(Records to process begins)

(* Let $J$ satisfy hypothesis (H) below, let $D\subset\mathbb{R}^N$ be a bounded set and let $\Omega_1,\Omega_2\subset D$ be two bounded open sets. Then there exists $C>0$ depending only on the measures of $\Omega_1$ and $\Omega_2$ such that $$\|\tilde{\mathcal{J}}_{\Omega_1}-\tilde{\mathcal{J}}_{\Omega_2}\|_{\mathcal{L}(L^2(D))}\leq C\|J\|_{L^\infty(\mathbb{R}^N)}\left[|\Omega_1\setminus\Omega_2|+|\Omega_2\setminus\Omega_1|\right]^{1/2}.$$ In particular, $\|\tilde{\mathcal{J}}_{\Omega_1}-\tilde{\mathcal{J}}_{\Omega_2}\|_{\mathcal{L}(L^2(D))}\to0$ if $|\Omega_1\setminus\Omega_2|+|\Omega_2\setminus\Omega_1|\to0$ and $\|J\|_{L^\infty(\mathbb{R}^N)}<\infty$.
   Context: Hypothesis (H): $J\in\mathcal{C}(\mathbb{R}^N,\mathbb{R})$ is nonnegative, spherically symmetric and radially decreasing, with $J(0)>0$ and $\int_{\mathbb{R}^N}J=1$. For a bounded open $\Omega\subset D$, $\tilde{\mathcal{J}}_\Omega:L^2(D)\to L^2(D)$ is defined by $\tilde{\mathcal{J}}_\Omega u(x)=\int_\Omega J(x-y)u(y)\,dy$ for $x\in\Omega$ and $\tilde{\mathcal{J}}_\Omega u(x)=0$ for $x\in D\setminus\Omega$. $|\cdot|$ is Lebesgue measure. *)

theory Defs
  imports "HOL-Analysis.Analysis" "HOL-Probability.Essential_Supremum"
begin

definition hypH :: "('a::euclidean_space \<Rightarrow> real) \<Rightarrow> bool" where
  "hypH J \<longleftrightarrow> continuous_on UNIV J
     \<and> (\<forall>x. 0 \<le> J x)
     \<and> (\<forall>x y. norm x = norm y \<longrightarrow> J x = J y)
     \<and> (\<forall>x y. norm x \<le> norm y \<longrightarrow> J y \<le> J x)
     \<and> J 0 > 0
     \<and> integrable lborel J \<and> integral\<^sup>L lborel J = 1"

definition Jt :: "('a::euclidean_space \<Rightarrow> real) \<Rightarrow> 'a set \<Rightarrow> ('a \<Rightarrow> real) \<Rightarrow> 'a \<Rightarrow> real" where
  "Jt J \<Omega> u x = (if x \<in> \<Omega> then (LINT y:\<Omega>|lebesgue. J (x - y) * u y) else 0)"

definition in_L2 :: "'a::euclidean_space set \<Rightarrow> ('a \<Rightarrow> real) \<Rightarrow> bool" where
  "in_L2 D u \<longleftrightarrow> u \<in> borel_measurable lebesgue \<and> set_integrable lebesgue D (\<lambda>x. (u x)\<^sup>2)"

definition L2norm :: "'a::euclidean_space set \<Rightarrow> ('a \<Rightarrow> real) \<Rightarrow> real" where
  "L2norm D u = sqrt (LINT x:D|lebesgue. (u x)\<^sup>2)"

definition Linf_norm :: "('a::euclidean_space \<Rightarrow> real) \<Rightarrow> real" where
  "Linf_norm J = real_of_ereal (esssup lborel (\<lambda>x. ereal \<bar>J x\<bar>))"

end

theory Submission
  imports Defs
begin

text \<open>
  At a point x the two operators differ only through the y in diff_section \<Omega>1 \<Omega>2 x, the
  section at x of the symmetric difference of \<Omega>1 \<times> \<Omega>1 and \<Omega>2 \<times> \<Omega>2; it is sym_diff \<Omega>1 \<Omega>2,
  \<Omega>1, \<Omega>2 or empty according as x lies in both sets, in only one of them, or in neither.
  Bounding J by J(0), which is its L-infinity norm, and applying Cauchy-Schwarz bounds the
  squared difference at x by J(0) squared times the measure of this section times the squared
  L2 norm of u. Integrating the measure of the section over x gives at most
  (|\<Omega>1| + |\<Omega>2|) (|\<Omega>1 - \<Omega>2| + |\<Omega>2 - \<Omega>1|).
\<close>

lemma borel_measurable_lebesgue_continuous:
  fixes f :: "'a::euclidean_space \<Rightarrow> 'b::euclidean_space"
  shows "continuous_on UNIV f \<Longrightarrow> f \<in> borel_measurable lebesgue"
  by (rule measurable_completion) (simp add: borel_measurable_continuous_onI)

lemma esssup_lborel_ge_continuous:
  fixes g :: "'a::euclidean_space \<Rightarrow> real"
  assumes g: "continuous_on UNIV g"
  shows "ereal (g x) \<le> esssup lborel (\<lambda>y. ereal (g y))"
proof (rule ccontr)
  assume "\<not> ?thesis"
  then obtain c where c: "esssup lborel (\<lambda>y. ereal (g y)) < ereal c" "c < g x"
    by (metis ereal_dense2 less_ereal.simps(1) not_le)
  have ae: "AE y in lborel. y \<notin> {y. c < g y}"
    using esssup_AE[of "\<lambda>y. ereal (g y)" lborel]
    by (rule eventually_mono) (use c(1) in \<open>auto dest: le_less_trans\<close>)
  have "open {y. c < g y}"
    using g by (intro open_Collect_less) auto
  with c(2) obtain r where r: "0 < r" "ball x r \<subseteq> {y. c < g y}"
    by (meson mem_Collect_eq open_contains_ball)
  have "AE y in lborel. y \<notin> ball x r"
    using ae by (rule eventually_mono) (use r(2) in auto)
  then have "emeasure lborel (ball x r) = 0"
    by (subst (asm) AE_iff_measurable[of "ball x r"]) auto
  then show False
    using content_ball_pos[OF r(1), of x] by (simp add: measure_def)
qed

lemma Linf_norm_eq_max:
  fixes J :: "'a::euclidean_space \<Rightarrow> real"
  assumes "continuous_on UNIV J" and "\<And>y. \<bar>J y\<bar> \<le> \<bar>J x\<bar>"
  shows "Linf_norm J = \<bar>J x\<bar>"
proof -
  have "continuous_on UNIV (\<lambda>y. \<bar>J y\<bar>)"
    using assms(1) by (intro continuous_intros)
  then have "ereal \<bar>J x\<bar> \<le> esssup lborel (\<lambda>y. ereal \<bar>J y\<bar>)"
    by (rule esssup_lborel_ge_continuous)
  moreover have "esssup lborel (\<lambda>y. ereal \<bar>J y\<bar>) \<le> ereal \<bar>J x\<bar>"
    using assms borel_measurable_continuous_onI[OF assms(1)] by (intro esssup_I) auto
  ultimately show ?thesis
    unfolding Linf_norm_def by (metis antisym real_of_ereal.simps(1))
qed

lemma set_integrable_if_square:
  fixes u :: "'a \<Rightarrow> real"
  assumes A: "A \<in> sets M" "emeasure M A < \<infinity>"
    and u: "u \<in> borel_measurable M" "set_integrable M A (\<lambda>x. (u x)\<^sup>2)"
  shows "set_integrable M A u"
proof -
  have int: "integrable M (\<lambda>x. indicator A x * (1 + (u x)\<^sup>2) :: real)"
    using A u(2) unfolding set_integrable_def distrib_left
    by (intro Bochner_Integration.integrable_add integrable_real_indicator) auto
  have "\<bar>u x\<bar> \<le> 1 + (u x)\<^sup>2" for x
    using zero_le_power2[of "\<bar>u x\<bar> - 1"] unfolding power2_eq_square by (simp add: algebra_simps)
  then show ?thesis
    unfolding set_integrable_def
    by (intro Bochner_Integration.integrable_bound[OF int])
      (use A u(1) in \<open>auto simp: indicator_def\<close>)
qed

lemma set_integral_mono_set_nonneg:
  fixes f :: "'a \<Rightarrow> real"
  assumes "set_integrable M B f" "A \<subseteq> B" "\<And>x. 0 \<le> f x"
  shows "(LINT x:A|M. f x) \<le> (LINT x:B|M. f x)"
  unfolding set_lebesgue_integral_def
  using assms by (intro integral_mono') (auto simp: set_integrable_def indicator_def)

lemma set_integral_abs_square_le:
  fixes u :: "'a \<Rightarrow> real"
  assumes A: "A \<in> sets M" "emeasure M A < \<infinity>"
    and u: "set_integrable M A u" "set_integrable M A (\<lambda>x. (u x)\<^sup>2)"
  shows "(LINT x:A|M. \<bar>u x\<bar>)\<^sup>2 \<le> measure M A * (LINT x:A|M. (u x)\<^sup>2)"
proof -
  define f where "f x = ennreal (indicator A x * \<bar>u x\<bar>)" for x
  have iu: "integrable M (\<lambda>x. indicator A x * \<bar>u x\<bar>)"
    using integrable_abs[OF u(1)[unfolded set_integrable_def]] by (simp add: abs_mult)
  have "f x * indicator A x = f x" for x
    by (simp add: f_def indicator_def)
  then have "(\<integral>\<^sup>+x. f x * indicator A x \<partial>M) = ennreal (LINT x:A|M. \<bar>u x\<bar>)"
    using iu by (simp add: f_def nn_integral_eq_integral set_lebesgue_integral_def)
  moreover have "(\<integral>\<^sup>+x. f x ^ 2 \<partial>M) = ennreal (LINT x:A|M. (u x)\<^sup>2)"
  proof -
    have "f x ^ 2 = ennreal (indicator A x * (u x)\<^sup>2)" for x
      by (simp add: f_def ennreal_power power_abs indicator_def)
    then show ?thesis
      using u(2) by (simp add: nn_integral_eq_integral set_integrable_def set_lebesgue_integral_def)
  qed
  moreover have "(\<integral>\<^sup>+x. (indicator A x) ^ 2 \<partial>M) = ennreal (measure M A)"
  proof -
    have "(indicator A x :: ennreal) ^ 2 = indicator A x" for x
      by (simp add: indicator_def)
    then show ?thesis
      using A by (simp add: emeasure_eq_ennreal_measure)
  qed
  moreover have "f \<in> borel_measurable M"
    using borel_measurable_integrable[OF iu] unfolding f_def by measurable
  moreover have nonneg: "0 \<le> (LINT x:A|M. \<bar>u x\<bar>)" "0 \<le> (LINT x:A|M. (u x)\<^sup>2)"
    unfolding set_lebesgue_integral_def by simp_all
  ultimately have "ennreal ((LINT x:A|M. \<bar>u x\<bar>)\<^sup>2)
      \<le> ennreal ((LINT x:A|M. (u x)\<^sup>2) * measure M A)"
    using Cauchy_Schwarz_nn_integral[of f M "indicator A"] A(1)
    by (simp add: ennreal_power ennreal_mult')
  then show ?thesis
    using nonneg by (simp add: ennreal_le_iff mult.commute)
qed

lemma set_integrable_kernel:
  fixes k u :: "'a::euclidean_space \<Rightarrow> real"
  assumes k: "continuous_on UNIV k" "\<And>z. \<bar>k z\<bar> \<le> B"
    and u: "set_integrable lebesgue A u"
  shows "set_integrable lebesgue A (\<lambda>y. k (x - y) * u y)"
proof -
  have ui: "integrable lebesgue (\<lambda>y. indicator A y * u y)"
    using u by (simp add: set_integrable_def)
  have "continuous_on UNIV (\<lambda>y. k (x - y))"
    by (rule continuous_on_compose2[OF k(1)]) (auto intro!: continuous_intros)
  then have meas: "(\<lambda>y. k (x - y) * (indicator A y * u y)) \<in> borel_measurable lebesgue"
    by (rule borel_measurable_times[OF borel_measurable_lebesgue_continuous
          borel_measurable_integrable[OF ui]])
  have "integrable lebesgue (\<lambda>y. k (x - y) * (indicator A y * u y))"
  proof (rule Bochner_Integration.integrable_bound[OF integrable_mult_right[OF ui, of B] meas])
    have "\<bar>k (x - y)\<bar> \<le> \<bar>B\<bar>" for y
      using k(2) abs_ge_self order_trans by blast
    then show "AE y in lebesgue.
        norm (k (x - y) * (indicator A y * u y)) \<le> norm (B * (indicator A y * u y))"
      by (intro AE_I2) (simp add: abs_mult mult_right_mono)
  qed
  then show ?thesis
    by (simp add: set_integrable_def mult.left_commute)
qed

(Records to process ends)

▸ **Exercise**
Everything from the line with "by (rule borel_measurable_times[OF" through the line with "lebesgue (\<lambda>y. k" in the listing above must be retyped exactly, with nothing added.

▸ **Solution below**
    by (rule borel_measurable_times[OF borel_measurable_lebesgue_continuous
          borel_measurable_integrable[OF ui]])
  have "integrable lebesgue (\<lambda>y. k (x - y) * (indicator A y * u y))"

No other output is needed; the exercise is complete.